Locate the line that contains "F] borel_measurable_continuous_onI continuous_intros" in the entries below, then repeat it and every following line through the line that contains "unfolding matrix_vector_mult_integral[OF Fv", exactly, and no others.

[Collected data entries]
━━━━
(* Let $X\subseteq\mathbb{R}^d$ be $\mathcal{A}^\infty$-admissible. If $U$ is an open neighborhood of $X$ in $\mathbb{R}^d$ and $\varphi:U\to\mathbb{R}^e$ is a smooth embedding, then $\varphi(X)\subseteq\mathbb{R}^e$ is $\mathcal{A}^\infty$-admissible.
   Context: For $Y\subseteq\mathbb{R}^n$: $\mathcal{A}^\infty(Y)$ is the set of $f:Y\to\mathbb{R}$ such that $f\circ c$ is smooth for every smooth $c:\mathbb{R}\to\mathbb{R}^n$ with $c(\mathbb{R})\subseteq Y$; $\mathcal{C}^\infty(Y)$ is the set of $f:Y\to\mathbb{R}$ such that each $y\in Y$ has an open neighborhood $V$ in $\mathbb{R}^n$ and a smooth $F:V\to\mathbb{R}$ with $F=f$ on $V\cap Y$. $Y$ is $\mathcal{A}^\infty$-admissible if $\mathcal{A}^\infty(Y)=\mathcal{C}^\infty(Y)$. *)

theory Defs
  imports "HOL-Analysis.Analysis"
begin

text \<open>Taken as a
  greatest fixed point, this says all iterated partial derivatives exist
  (and are differentiable, hence continuous), i.e. F is C-infinity on V.\<close>
coinductive smooth_on :: "'a::euclidean_space set \<Rightarrow> ('a \<Rightarrow> 'b::real_normed_vector) \<Rightarrow> bool"
  for V :: "'a set" where
  "(\<forall>x\<in>V. F differentiable (at x)) \<Longrightarrow>
   (\<forall>b\<in>Basis. smooth_on V (\<lambda>x. frechet_derivative F (at x) b)) \<Longrightarrow>
   smooth_on V F"

text \<open>A-infinity(Y): functions whose composition with every smooth curve in Y is smooth.
  Functions are total; only their values on Y matter.\<close>
definition A_infty :: "'a::euclidean_space set \<Rightarrow> ('a \<Rightarrow> real) set" where
  "A_infty Y = {f. \<forall>c::real \<Rightarrow> 'a. smooth_on UNIV c \<and> range c \<subseteq> Y \<longrightarrow> smooth_on UNIV (f \<circ> c)}"

definition C_infty :: "'a::euclidean_space set \<Rightarrow> ('a \<Rightarrow> real) set" where
  "C_infty Y = {f. \<forall>y\<in>Y. \<exists>V (F::'a \<Rightarrow> real). open V \<and> y \<in> V \<and> smooth_on V F \<and>
                     (\<forall>z\<in>V \<inter> Y. F z = f z)}"

definition A_infty_admissible :: "'a::euclidean_space set \<Rightarrow> bool" where
  "A_infty_admissible Y \<longleftrightarrow> A_infty Y = C_infty Y"

definition smooth_embedding :: "'a::euclidean_space set \<Rightarrow> ('a \<Rightarrow> 'b::euclidean_space) \<Rightarrow> bool" where
  "smooth_embedding U \<phi> \<longleftrightarrow> smooth_on U \<phi> \<and>
     (\<forall>x\<in>U. inj (frechet_derivative \<phi> (at x))) \<and>
     (\<exists>\<psi>. homeomorphism U (\<phi> ` U) \<phi> \<psi>)"

end

theory Submission
  imports Defs
begin

text \<open>If \<open>g\<close> is \<open>\<A>\<^sup>\<infinity>\<close> on \<open>\<phi>(X)\<close>, then \<open>g \<circ> \<phi>\<close> is \<open>\<A>\<^sup>\<infinity>\<close> on \<open>X\<close> (compose
  curves with \<open>\<phi>\<close>), hence near each point of \<open>X\<close> the restriction of a smooth \<open>F\<close>.
  An embedding is an immersion, so by the inverse function theorem it has smooth local left
  inverses \<open>\<psi>\<close>; and since it is open onto its image, \<open>F \<circ> \<psi>\<close> is a smooth local extension
  of \<open>g\<close> near each point of \<open>\<phi>(X)\<close>. The converse inclusion \<open>\<C>\<^sup>\<infinity> \<subseteq> \<A>\<^sup>\<infinity>\<close>
  holds for every set.\<close>

section \<open>Calculus of smooth maps\<close>

lemma smooth_on_differentiable: "smooth_on V f \<Longrightarrow> x \<in> V \<Longrightarrow> f differentiable (at x)"
  by (erule smooth_on.cases) auto

lemma smooth_on_partial_derivative:
  "smooth_on V f \<Longrightarrow> b \<in> Basis \<Longrightarrow> smooth_on V (\<lambda>x. frechet_derivative f (at x) b)"
  by (erule smooth_on.cases) auto

lemma smooth_on_has_derivative:
  "smooth_on V f \<Longrightarrow> x \<in> V \<Longrightarrow> (f has_derivative frechet_derivative f (at x)) (at x)"
  using smooth_on_differentiable frechet_derivative_works by blast

lemma frechet_derivative_apply: "(f has_derivative D) (at x) \<Longrightarrow> frechet_derivative f (at x) v = D v"
  by (simp add: frechet_derivative_at[symmetric])

lemma smooth_on_subset:
  assumes "smooth_on V f" "W \<subseteq> V" shows "smooth_on W f"
  using assms(1)
proof (coinduction arbitrary: f rule: smooth_on.coinduct)
  case (smooth_on f)
  then show ?case
    using assms(2) by (auto intro: smooth_on_differentiable smooth_on_partial_derivative)
qed

lemma smooth_on_local:
  assumes "\<And>x. x \<in> V \<Longrightarrow> \<exists>W. open W \<and> x \<in> W \<and> smooth_on W f"
  shows "smooth_on V f"
  using assms
proof (coinduction arbitrary: f rule: smooth_on.coinduct)
  case (smooth_on f)
  have "f differentiable at x" if "x \<in> V" for x
    using smooth_on that smooth_on_differentiable by blast
  moreover have "\<exists>W. open W \<and> x \<in> W \<and> smooth_on W (\<lambda>x. frechet_derivative f (at x) b)"
    if "b \<in> Basis" "x \<in> V" for b x
    using smooth_on that smooth_on_partial_derivative by blast
  ultimately show ?case by blast
qed

lemma smooth_on_class_coinduct:
  assumes V: "open V" and "P f"
    and differentiable: "\<And>f x. P f \<Longrightarrow> x \<in> V \<Longrightarrow> f differentiable at x"
    and partial: "\<And>f b. P f \<Longrightarrow> b \<in> Basis \<Longrightarrow>
      \<exists>g. P g \<and> (\<forall>x\<in>V. frechet_derivative f (at x) b = g x)"
  shows "smooth_on V f"
proof -
  from \<open>P f\<close> have "\<exists>g. P g \<and> (\<forall>x\<in>V. f x = g x)" by auto
  then show ?thesis
  proof (coinduction arbitrary: f rule: smooth_on.coinduct)
    case (smooth_on h)
    then obtain g where g: "P g" "\<forall>x\<in>V. h x = g x" by auto
    have "(h has_derivative frechet_derivative g (at x)) (at x)" if "x \<in> V" for x
      using differentiable[OF g(1) that] g(2) V that
      by (metis frechet_derivative_works has_derivative_transform_within_open)
    then have "h differentiable at x \<and> frechet_derivative h (at x) = frechet_derivative g (at x)"
      if "x \<in> V" for x
      using that by (metis differentiableI frechet_derivative_at)
    then show ?case using partial[OF g(1)] by metis
  qed
qed
(* Let $h(\cdot,\theta)=[h_1(\cdot,\theta),\dots,h_q(\cdot,\theta)]^T:\mathbb{R}^p\to\mathbb{R}^q$ be twice continuously differentiable in $x$ (for a fixed parameter $\theta$). For each $r\in\{1,\dots,q\}$ let $$s_r:=\sup_{x\in\mathbb{R}^p}\|\nabla^2_x h_r(x,\theta)\|_2,$$ and assume $0<s_r<\infty$. Fix $0<c<1$ and define $$\mathcal{S}_r:=\{x\in\mathbb{R}^p:\ \|\nabla^2_x h_r(x,\theta)\|_2>c\cdot s_r\},\qquad r\in\{1,\dots,q\}.$$ Suppose that $\mu\left(\bigcup_{r=1}^q\mathcal{S}_r\right)<C$ for some finite constant $C$, where $\mu$ is Lebesgue measure on $\mathbb{R}^p$. Then for every $\epsilon>0$ there exists a probability distribution $\mathcal{P}$ on $\mathbb{R}^p$ such that $$\sup_{x\in\mathbb{R}^p}\left\|\mathbb{E}_{\eta\sim\mathcal{P}}\,\nabla^2_x h_r(x+\eta,\theta)\right\|_2<(c+\epsilon)\cdot s_r\qquad\text{for all } r\in\{1,\dots,q\}.$$
   Context: $h$ represents a single neural network layer with parameters $\theta$; $\nabla^2_x h_r(x,\theta)\in\mathbb{R}^{p\times p}$ is the Hessian of the $r$-th output coordinate with respect to the input $x$, and $\|\cdot\|_2$ on matrices is the spectral (operator) norm. The expectation of the Hessian is taken entrywise over a random perturbation $\eta$ of the input drawn from $\mathcal{P}$. *)

theory Defs
  imports "HOL-Analysis.Analysis" "HOL-Probability.Probability"
begin

definition grad :: "(real^'p \<Rightarrow> real) \<Rightarrow> real^'p \<Rightarrow> real^'p" where
  "grad f x = (\<chi> i. frechet_derivative f (at x) (axis i 1))"

definition hess :: "(real^'p \<Rightarrow> real) \<Rightarrow> real^'p \<Rightarrow> real^'p^'p" where
  "hess f x = (\<chi> i j. frechet_derivative (\<lambda>y. grad f y $ i) (at x) (axis j 1))"

definition C2 :: "(real^'p \<Rightarrow> real) \<Rightarrow> bool" where
  "C2 f \<longleftrightarrow> (\<forall>x. f differentiable (at x))
      \<and> (\<forall>x i. (\<lambda>y. grad f y $ i) differentiable (at x))
      \<and> continuous_on UNIV (hess f)"

definition spec_norm :: "real^'n^'m \<Rightarrow> real" where
  "spec_norm A = onorm (\<lambda>v. A *v v)"

end

theory Submission
  imports Defs
begin

text \<open>Since the spectral norm is convex, averaging cannot increase it:
  \<open>\<parallel>E H(x + \<eta>)\<parallel> \<le> E \<parallel>H(x + \<eta>)\<parallel> \<le> c s + (1 - c) s P(x + \<eta> \<in> U)\<close>, where
  \<open>U = \<Union>\<^sub>r S\<^sub>r\<close>, because \<open>\<parallel>H\<parallel> \<le> s\<close> everywhere and \<open>\<parallel>H\<parallel> \<le> c s\<close> off \<open>U\<close>.
  For \<open>P\<close> uniform on a cube of volume \<open>V\<close>, translation invariance of Lebesgue measure
  bounds that probability by \<open>\<mu>(U) / V\<close>, uniformly in \<open>x\<close>, and a large cube makes it small.\<close>

lemma norm_matrix_vector_mult_le_spec_norm: "norm (A *v v) \<le> spec_norm A * norm v"
  unfolding spec_norm_def by (rule onorm[OF matrix_vector_mul_bounded_linear])

lemma spec_norm_le: "(\<And>v. norm (A *v v) \<le> b * norm v) \<Longrightarrow> spec_norm A \<le> b"
  unfolding spec_norm_def by (rule onorm_le)

lemma spec_norm_nonneg: "0 \<le> spec_norm A"
  unfolding spec_norm_def by (rule onorm_pos_le[OF matrix_vector_mul_bounded_linear])

lemma abs_matrix_entry_le_spec_norm: "\<bar>A $ i $ j\<bar> \<le> spec_norm A"
  unfolding spec_norm_def by (rule matrix_component_le_onorm)

lemma spec_norm_triangle: "spec_norm (A + B) \<le> spec_norm A + spec_norm B"
  unfolding spec_norm_def matrix_vector_mult_add_rdistrib
  by (intro onorm_triangle matrix_vector_mul_bounded_linear)

lemma spec_norm_le_norm: "spec_norm (A :: real^'n^'m) \<le> real CARD('m) * real CARD('n) * norm A"
  unfolding spec_norm_def
  by (rule onorm_le_matrix_component)
    (rule order_trans[OF component_le_norm_cart Finite_Cartesian_Product.norm_nth_le])

lemma bounded_linear_matrix_vector_mult_left: "bounded_linear (\<lambda>A::real^'n^'m. A *v v)"
  unfolding linear_conv_bounded_linear[symmetric]
  by (rule linearI)
    (auto simp: vec_eq_iff matrix_vector_mult_def sum_distrib_left algebra_simps sum.distrib)

lemma lipschitz_on_spec_norm:
  "(real CARD('m) * real CARD('n))-lipschitz_on S (spec_norm :: real^'n^'m \<Rightarrow> real)"
proof (rule lipschitz_onI)
  fix A B :: "real^'n^'m"
  have "spec_norm A \<le> spec_norm B + spec_norm (A - B)"
    and "spec_norm B \<le> spec_norm A + spec_norm (B - A)"
    using spec_norm_triangle[of B "A - B"] spec_norm_triangle[of A "B - A"] by simp_all
  then show "dist (spec_norm A) (spec_norm B) \<le> real CARD('m) * real CARD('n) * dist A B"
    using spec_norm_le_norm[of "A - B"] spec_norm_le_norm[of "B - A"]
    by (simp add: dist_real_def dist_norm norm_minus_commute abs_le_iff)
qed simp

lemma continuous_on_spec_norm: "continuous_on S spec_norm"
  by (rule lipschitz_on_continuous_on[OF lipschitz_on_spec_norm])

lemma matrix_vector_mult_integral:
  fixes F :: "'a \<Rightarrow> real^'n^'m"
  assumes "integrable M (\<lambda>x. F x *v v)" and "\<And>i j. integrable M (\<lambda>x. F x $ i $ j)"
  shows "(\<chi> i j. \<integral>x. F x $ i $ j \<partial>M) *v v = (\<integral>x. F x *v v \<partial>M)"
proof -
  have "(\<integral>x. F x *v v \<partial>M) $ i = (\<integral>x. (F x *v v) $ i \<partial>M)" for i
    by (rule integral_bounded_linear[OF bounded_linear_vec_nth assms(1), symmetric])
  then show ?thesis
    using assms(2) by (simp add: vec_eq_iff matrix_vector_mult_def)
qed

lemma spec_norm_integral_le:
  fixes F :: "'a \<Rightarrow> real^'n^'m"
  assumes F: "F \<in> borel_measurable M" and int: "integrable M (\<lambda>x. spec_norm (F x))"
  shows "spec_norm (\<chi> i j. \<integral>x. F x $ i $ j \<partial>M) \<le> (\<integral>x. spec_norm (F x) \<partial>M)"
proof (rule spec_norm_le)
  fix v :: "real^'n"
  have entries: "integrable M (\<lambda>x. F x $ i $ j)" for i j
    by (rule Bochner_Integration.integrable_bound[OF int])
       (auto intro!: measurable_compose[OF F] borel_measurable_continuous_onI continuous_intros
          order_trans[OF abs_matrix_entry_le_spec_norm abs_ge_self])
  have Fv: "integrable M (\<lambda>x. F x *v v)"
    by (rule Bochner_Integration.integrable_bound[OF integrable_mult_left[OF int, of "norm v"]])
       (auto intro!: measurable_compose[OF F] borel_measurable_continuous_onI linear_continuous_on
          bounded_linear_matrix_vector_mult_left
          order_trans[OF norm_matrix_vector_mult_le_spec_norm abs_ge_self])
  have "norm ((\<chi> i j. \<integral>x. F x $ i $ j \<partial>M) *v v) \<le> (\<integral>x. norm (F x *v v) \<partial>M)"
    unfolding matrix_vector_mult_integral[OF Fv entries] by (rule integral_norm_bound)
  also have "\<dots> \<le> (\<integral>x. spec_norm (F x) * norm v \<partial>M)"
    using int Fv by (intro integral_mono) (auto intro!: norm_matrix_vector_mult_le_spec_norm)
  finally show "norm ((\<chi> i j. \<integral>x. F x $ i $ j \<partial>M) *v v)
      \<le> (\<integral>x. spec_norm (F x) \<partial>M) * norm v"
    by simp
qed

lemma (in prob_space) integral_le_off_event:
  fixes f :: "'a \<Rightarrow> real"
  assumes "integrable M f" "A \<in> events"
    and "\<And>x. x \<in> space M \<Longrightarrow> f x \<le> a" "\<And>x. x \<in> space M - A \<Longrightarrow> f x \<le> b"
  shows "(\<integral>x. f x \<partial>M) \<le> b + (a - b) * prob A"
proof -
  have "(\<integral>x. f x \<partial>M) \<le> (\<integral>x. b + (a - b) * indicator A x \<partial>M)"
    using assms by (intro integral_mono) (auto split: split_indicator simp: less_top[symmetric])
  also have "\<dots> = b + (a - b) * prob A"
    using assms(2)
    by (subst Bochner_Integration.integral_add) (auto simp: less_top[symmetric] prob_space)
  finally show ?thesis .
qed

lemma emeasure_lborel_translate:
  fixes U :: "'a::euclidean_space set"
  assumes "U \<in> sets borel"
  shows "emeasure lborel ((\<lambda>y. x + y) -` U) = emeasure lborel U"
proof -
  have "emeasure lborel ((\<lambda>y. x + y) -` U) = emeasure (distr lborel borel ((+) x)) U"
    using assms by (subst emeasure_distr) auto
  then show ?thesis by (simp add: lborel_distr_plus)
qed

lemma emeasure_lborel_cube:
  fixes L :: real
  assumes "0 \<le> L"
  shows "emeasure lborel (cbox 0 (L *\<^sub>R One) :: 'a::euclidean_space set) = ennreal (L ^ DIM('a))"
  using assms by (simp add: emeasure_lborel_cbox_eq inner_sum_left inner_Basis)

lemma exists_prob_space_small_translates:
  fixes U :: "'a::euclidean_space set"
  assumes U: "U \<in> sets borel" "emeasure lborel U < \<infinity>" and \<epsilon>: "0 < \<epsilon>"
  shows "\<exists>P. prob_space P \<and> sets P = sets borel \<and> (\<forall>x. measure P ((\<lambda>y. x + y) -` U) \<le> \<epsilon>)"
proof -
  define m where "m = measure lborel U"
  define L where "L = 1 + m / \<epsilon>"
  define B where "B = (cbox 0 (L *\<^sub>R One) :: 'a set)"
  have L: "1 \<le> L" "m \<le> \<epsilon> * L"
    using \<epsilon> by (auto simp: L_def m_def field_simps)
  have LV: "L \<le> L ^ DIM('a)"
    using L(1) by (simp add: self_le_power)
  have B: "emeasure lborel B = ennreal (L ^ DIM('a))"
    unfolding B_def using L(1) by (intro emeasure_lborel_cube) simp
  define P where "P = uniform_measure lborel B"
  have "prob_space P"
    unfolding P_def using B L(1) by (intro prob_space_uniform_measure) auto
  moreover have "sets P = sets borel"
    by (simp add: P_def)
  moreover have "measure P ((\<lambda>y. x + y) -` U) \<le> \<epsilon>" for x
  proof -
    let ?A = "(\<lambda>y. x + y) -` U"
    have "?A \<in> sets borel"
      using measurable_sets[OF _ U(1), of "(+) x" borel] by simp
    then have A: "?A \<in> fmeasurable lborel" and mA: "measure lborel ?A = m"
      using U by (auto simp: fmeasurable_def m_def measure_def emeasure_lborel_translate)
    have "measure P ?A = measure lborel (B \<inter> ?A) / L ^ DIM('a)"
      unfolding P_def using A B L(1) by (subst measure_uniform_measure) (auto simp: measure_def)
    also have "\<dots> \<le> m / L ^ DIM('a)"
      unfolding mA[symmetric] using A L(1)
      by (intro divide_right_mono measure_mono_fmeasurable) (auto simp: B_def)
    also have "\<dots> \<le> m / L"
      using L LV by (intro divide_left_mono) (auto simp: m_def)
    also have "\<dots> \<le> \<epsilon>"
      using L by (simp add: divide_le_eq mult.commute)
    finally show ?thesis .
  qed
  ultimately show ?thesis by blast
qed

lemma spec_norm_translate_average_le:
  fixes F :: "'a::euclidean_space \<Rightarrow> real^'n^'m"
  assumes P: "prob_space P" "sets P = sets borel"
    and F: "F \<in> borel_measurable borel" and U: "U \<in> sets borel"
    and le_a: "\<And>y. spec_norm (F y) \<le> a" and le_b: "\<And>y. y \<notin> U \<Longrightarrow> spec_norm (F y) \<le> b"
  shows "spec_norm (\<chi> i j. \<integral>\<eta>. F (x + \<eta>) $ i $ j \<partial>P)
           \<le> b + (a - b) * measure P ((\<lambda>\<eta>. x + \<eta>) -` U)"
proof -
  interpret prob_space P by (fact P(1))
  have Fx: "(\<lambda>\<eta>. F (x + \<eta>)) \<in> borel_measurable P"
    unfolding measurable_cong_sets[OF P(2) refl] using F by measurable
  have int: "integrable P (\<lambda>\<eta>. spec_norm (F (x + \<eta>)))"
    by (rule integrable_const_bound[where B = a])
       (auto intro!: le_a measurable_compose[OF Fx] borel_measurable_continuous_onI
          continuous_on_spec_norm simp: spec_norm_nonneg)
  have "(\<lambda>\<eta>. x + \<eta>) -` U \<in> events"
    using measurable_sets[OF _ U, of "(+) x" borel] P(2) by simp
  then have "(\<integral>\<eta>. spec_norm (F (x + \<eta>)) \<partial>P) \<le> b + (a - b) * prob ((\<lambda>\<eta>. x + \<eta>) -` U)"
    using int le_a le_b by (intro integral_le_off_event) auto
  then show ?thesis
    using spec_norm_integral_le[OF Fx int] by linarith
qed

theorem theorem4p2:
  fixes h :: "real^'p \<Rightarrow> real^'q" and c :: real and s :: "'q \<Rightarrow> real"
    and S :: "'q \<Rightarrow> (real^'p) set"
  assumes C2: "\<And>r. C2 (\<lambda>x. h x $ r)"
    and bdd: "\<And>r. bdd_above (range (\<lambda>x. spec_norm (hess (\<lambda>y. h y $ r) x)))"
    and s_def: "\<And>r. s r = (SUP x. spec_norm (hess (\<lambda>y. h y $ r) x))"
    and s_pos: "\<And>r. 0 < s r"
    and c: "0 < c" "c < 1"
    and S_def: "\<And>r. S r = {x. spec_norm (hess (\<lambda>y. h y $ r) x) > c * s r}"
    and meas: "\<exists>C::real. emeasure lborel (\<Union>r. S r) < ennreal C"
  shows "\<forall>\<epsilon>>0. \<exists>P :: (real^'p) measure. prob_space P \<and> sets P = sets borel \<and>
           (\<forall>r. (SUP x. spec_norm (\<chi> i j. \<integral>\<eta>. hess (\<lambda>y. h y $ r) (x + \<eta>) $ i $ j \<partial>P))
                  < (c + \<epsilon>) * s r)"
proof (intro allI impI)
  fix \<epsilon> :: real assume "0 < \<epsilon>"
  define H where "H r = hess (\<lambda>y. h y $ r)" for r
  define U where "U = (\<Union>r. S r)"
  have H: "continuous_on UNIV (H r)" for r
    using C2 by (simp add: C2_def H_def)
  have "open U"
    unfolding U_def S_def H_def[symmetric]
    by (intro open_UN ballI open_Collect_less continuous_on_const
        continuous_on_compose2[OF continuous_on_spec_norm H]) auto
  moreover have "emeasure lborel U < \<infinity>"
    using meas by (auto simp: U_def intro: less_trans)
  ultimately obtain P where P: "prob_space P" "sets P = sets borel"
    and small: "\<And>x. measure P ((\<lambda>y. x + y) -` U) \<le> \<epsilon> / 2"
    using exists_prob_space_small_translates[of U "\<epsilon> / 2"] \<open>0 < \<epsilon>\<close> by auto
  have bound: "spec_norm (\<chi> i j. \<integral>\<eta>. H r (x + \<eta>) $ i $ j \<partial>P) \<le> c * s r + s r * (\<epsilon> / 2)" for r x
  proof -
    have "spec_norm (\<chi> i j. \<integral>\<eta>. H r (x + \<eta>) $ i $ j \<partial>P)
        \<le> c * s r + (s r - c * s r) * measure P ((\<lambda>\<eta>. x + \<eta>) -` U)"
      using \<open>open U\<close> bdd by (intro spec_norm_translate_average_le[OF P] borel_measurable_continuous_onI H)
        (auto simp: s_def H_def U_def S_def not_less intro: cSUP_upper)
    also have "\<dots> \<le> c * s r + s r * (\<epsilon> / 2)"
      using small[of x] c s_pos[of r] by (intro add_left_mono mult_mono) auto
    finally show ?thesis .
  qed
  show "\<exists>P. prob_space P \<and> sets P = sets borel \<and>
           (\<forall>r. (SUP x. spec_norm (\<chi> i j. \<integral>\<eta>. hess (\<lambda>y. h y $ r) (x + \<eta>) $ i $ j \<partial>P))
                  < (c + \<epsilon>) * s r)"
  proof (intro exI conjI allI)
    fix r
    have "(SUP x. spec_norm (\<chi> i j. \<integral>\<eta>. H r (x + \<eta>) $ i $ j \<partial>P)) \<le> c * s r + s r * (\<epsilon> / 2)"
      by (rule cSUP_least) (simp, rule bound)
    also have "\<dots> < (c + \<epsilon>) * s r"
      using \<open>0 < \<epsilon>\<close> s_pos[of r] by (simp add: algebra_simps)
    finally show "(SUP x. spec_norm (\<chi> i j. \<integral>\<eta>. hess (\<lambda>y. h y $ r) (x + \<eta>) $ i $ j \<partial>P))
                  < (c + \<epsilon>) * s r"
      by (simp add: H_def)
  qed (fact P)+
qed

end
━━━━
**ANSWER BOX:**
       (auto intro!: measurable_compose[OF F] borel_measurable_continuous_onI continuous_intros
          order_trans[OF abs_matrix_entry_le_spec_norm abs_ge_self])
  have Fv: "integrable M (\<lambda>x. F x *v v)"
    by (rule Bochner_Integration.integrable_bound[OF integrable_mult_left[OF int, of "norm v"]])
       (auto intro!: measurable_compose[OF F] borel_measurable_continuous_onI linear_continuous_on
          bounded_linear_matrix_vector_mult_left
          order_trans[OF norm_matrix_vector_mult_le_spec_norm abs_ge_self])
  have "norm ((\<chi> i j. \<integral>x. F x $ i $ j \<partial>M) *v v) \<le> (\<integral>x. norm (F x *v v) \<partial>M)"
    unfolding matrix_vector_mult_integral[OF Fv entries] by (rule integral_norm_bound)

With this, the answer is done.